PROBLEM REQUIREMENTS — Within this listing, how many lines include the word "moreover"? Only the number should be given.

==== MATERIAL SUPPLIED ====

(* Let $(\xi_j)_{j\ge 0}$ be independent, identically distributed random variables taking values in $\{-1,0,1\}$ with $\max_{x\in\{-1,0,1\}} \mathbb{P}(\xi_0 = x) < \frac{1}{\sqrt{3}}$, and for $n\ge 1$ let $P(z):=\sum_{j=0}^n \xi_j z^j$. There exist constants $C,c>0$ (depending only on the distribution of $\xi_0$) such that for every $n\ge1$ and every $1\le d\le n$, \[\mathbb{P}(P\text{ has a double root } \alpha \text{ with } \deg(\alpha)\ge d)\le C\exp(-cd).\]
   Context: For an algebraic integer $\alpha$, $\deg(\alpha)$ denotes its algebraic degree, i.e., the degree of its minimal polynomial (the monic polynomial in $\mathbb{Z}[x]$ of least degree having $\alpha$ as a root). The event refers to $P$ having a double root (root of multiplicity at least $2$) $\alpha$ which is an algebraic integer of degree at least $d$. *)

theory Defs
  imports "HOL-Probability.Probability" "HOL-Computational_Algebra.Polynomial"
begin

text \<open>Algebraic degree of an algebraic integer: the degree of its minimal polynomial,
  i.e. the least degree of a monic integer polynomial having it as a root.\<close>
definition alg_degree :: "complex \<Rightarrow> nat" where
  "alg_degree \<alpha> = (LEAST k. \<exists>q :: int poly. lead_coeff q = 1 \<and> degree q = k
                              \<and> poly (map_poly of_int q) \<alpha> = 0)"

definition rand_poly :: "nat \<Rightarrow> (nat \<Rightarrow> int) \<Rightarrow> int poly" where
  "rand_poly n \<xi> = Poly (map \<xi> [0..<Suc n])"

definition double_root :: "int poly \<Rightarrow> complex \<Rightarrow> bool" where
  "double_root P \<alpha> \<longleftrightarrow> [:-\<alpha>, 1:] ^ 2 dvd map_poly of_int P"

end

theory Submission
  imports Defs "HOL-Computational_Algebra.Polynomial_Factorial"
begin

text \<open>
  Since the coefficients lie in \<open>{-1, 0, 1}\<close>, a nonzero \<open>P\<close> has leading coefficient \<open>\<plusminus>1\<close>.
  If \<open>\<alpha>\<close> is a double root, its primitive minimal polynomial \<open>F\<close> divides both \<open>P\<close> and
  \<open>P / F\<close> (because \<open>F'(\<alpha>) \<noteq> 0\<close>), so \<open>F\<^sup>2\<close> divides \<open>P\<close>; hence \<open>F\<close> may be taken monic, of
  degree \<open>k \<ge> d\<close> with \<open>2k \<le> n\<close>. Reducing modulo 3, \<open>P\<close> is divisible by \<open>S\<^sup>2\<close> in \<open>\<int>/3[x]\<close>
  for one of \<open>3\<^sup>k\<close> monic \<open>S\<close> of degree \<open>k\<close>. For a fixed monic \<open>S\<close> of degree \<open>m\<close>, the top
  \<open>n + 1 - m\<close> coefficients of such a \<open>P\<close> determine the others (differences lie in \<open>{-2..2}\<close>
  and vanish mod 3), so this event has probability at most \<open>q\<^sup>m\<close>, where \<open>q\<close> bounds the point
  masses. Summing \<open>3\<^sup>k q\<^sup>2\<^sup>k\<close> over \<open>k \<ge> d\<close> gives a geometric tail, as \<open>3q\<^sup>2 < 1\<close>.
\<close>

section \<open>Minimal polynomials of double roots\<close>

lemma map_poly_of_int_add:
  "map_poly (of_int :: int \<Rightarrow> 'a::comm_ring_1) (p + q) = map_poly of_int p + map_poly of_int q"
  by (rule poly_eqI) (simp add: coeff_map_poly)

lemma map_poly_of_int_mult:
  "map_poly (of_int :: int \<Rightarrow> 'a::comm_ring_1) (p * q) = map_poly of_int p * map_poly of_int q"
  by (induction p) (simp_all add: map_poly_of_int_add map_poly_smult map_poly_pCons)

lemma map_poly_of_int_pderiv:
  "map_poly (of_int :: int \<Rightarrow> 'a::idom) (pderiv p) = pderiv (map_poly of_int p)"
  by (rule poly_eqI) (simp add: coeff_pderiv coeff_map_poly)

lemma poly_map_poly_of_int_smult:
  "poly (map_poly (of_int :: int \<Rightarrow> 'a::comm_ring_1) (smult c p)) x = of_int c * poly (map_poly of_int p) x"
  by (simp add: map_poly_smult)

lemma double_rootD:
  assumes "double_root P \<alpha>"
  shows "poly (map_poly of_int P) \<alpha> = 0" "poly (map_poly of_int (pderiv P)) \<alpha> = 0"
proof -
  from assms obtain B where B: "map_poly of_int P = [:-\<alpha>, 1:]^2 * B"
    unfolding double_root_def by (auto elim: dvdE)
  then show "poly (map_poly of_int P) \<alpha> = 0" by simp
  have "pderiv (map_poly of_int P) = [:-\<alpha>, 1:]^2 * pderiv B + B * pderiv ([:-\<alpha>, 1:]^2)"
    by (simp only: B pderiv_mult)
  then show "poly (map_poly of_int (pderiv P)) \<alpha> = 0"
    by (simp add: map_poly_of_int_pderiv pderiv_power_Suc numeral_2_eq_2 pderiv_pCons)
qed

lemma min_degree_root_poly_dvd:
  fixes F G :: "int poly" and \<alpha> :: "'a::comm_ring_1"
  assumes "content F = 1" and "poly (map_poly of_int F) \<alpha> = 0"
    and minimal: "\<And>H. H \<noteq> 0 \<Longrightarrow> poly (map_poly of_int H) \<alpha> = 0 \<Longrightarrow> degree F \<le> degree H"
    and "poly (map_poly of_int G) \<alpha> = 0"
  shows "F dvd G"
proof -
  have "F \<noteq> 0" using assms(1) by auto
  obtain Q R where pd: "pseudo_divmod G F = (Q, R)" by (cases "pseudo_divmod G F") auto
  define a where "a = lead_coeff F ^ (Suc (degree G) - degree F)"
  have eq: "smult a G = F * Q + R" and R: "R = 0 \<or> degree R < degree F"
    using pseudo_divmod[OF \<open>F \<noteq> 0\<close> pd] by (auto simp: a_def)
  have "poly (map_poly of_int (smult a G)) \<alpha> = poly (map_poly of_int (F * Q + R)) \<alpha>"
    by (simp only: eq)
  then have "poly (map_poly of_int R) \<alpha> = 0"
    using assms(2,4) by (simp add: map_poly_smult map_poly_of_int_add map_poly_of_int_mult)
  with R minimal have "R = 0" by force
  with eq have "F dvd smult a G" by simp
  then have "fract_poly F dvd smult (to_fract a) (fract_poly G)"
    by (metis fract_poly_dvd fract_poly_smult)
  then have "fract_poly F dvd fract_poly G"
    using \<open>F \<noteq> 0\<close> by (simp add: a_def dvd_smult_iff)
  then show "F dvd G" using assms(1) by (rule fract_poly_dvdD)
qed

lemma obtain_min_degree_root_poly:
  fixes \<alpha> :: "'a::{idom,ring_char_0}"
  assumes "G \<noteq> 0" and "poly (map_poly of_int G) \<alpha> = 0"
  obtains F :: "int poly" where "content F = 1" and "poly (map_poly of_int F) \<alpha> = 0"
    and "\<And>H. H \<noteq> 0 \<Longrightarrow> poly (map_poly of_int H) \<alpha> = 0 \<Longrightarrow> degree F \<le> degree H"
proof -
  define root_deg where
    "root_deg k \<longleftrightarrow> (\<exists>F :: int poly. F \<noteq> 0 \<and> poly (map_poly of_int F) \<alpha> = 0 \<and> degree F = k)" for k
  have "root_deg (degree G)" using assms by (auto simp: root_deg_def)
  then have "root_deg (Least root_deg)" by (rule LeastI)
  then obtain F0 where F0: "F0 \<noteq> 0" "poly (map_poly of_int F0) \<alpha> = 0" "degree F0 = Least root_deg"
    by (auto simp: root_deg_def)
  have "poly (map_poly of_int F0) \<alpha> = of_int (content F0) * poly (map_poly of_int (primitive_part F0)) \<alpha>"
    by (metis content_times_primitive_part poly_map_poly_of_int_smult)
  with F0 have "poly (map_poly of_int (primitive_part F0)) \<alpha> = 0" by simp
  moreover have "degree (primitive_part F0) \<le> degree H"
    if "H \<noteq> 0" "poly (map_poly of_int H) \<alpha> = 0" for H :: "int poly"
  proof -
    have "root_deg (degree H)" using that by (auto simp: root_deg_def)
    then show ?thesis using F0(3) Least_le[of root_deg] by simp
  qed
  moreover have "content (primitive_part F0) = 1" using F0(1) by simp
  ultimately show thesis using that by blast
qed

====

SOLUTION — 2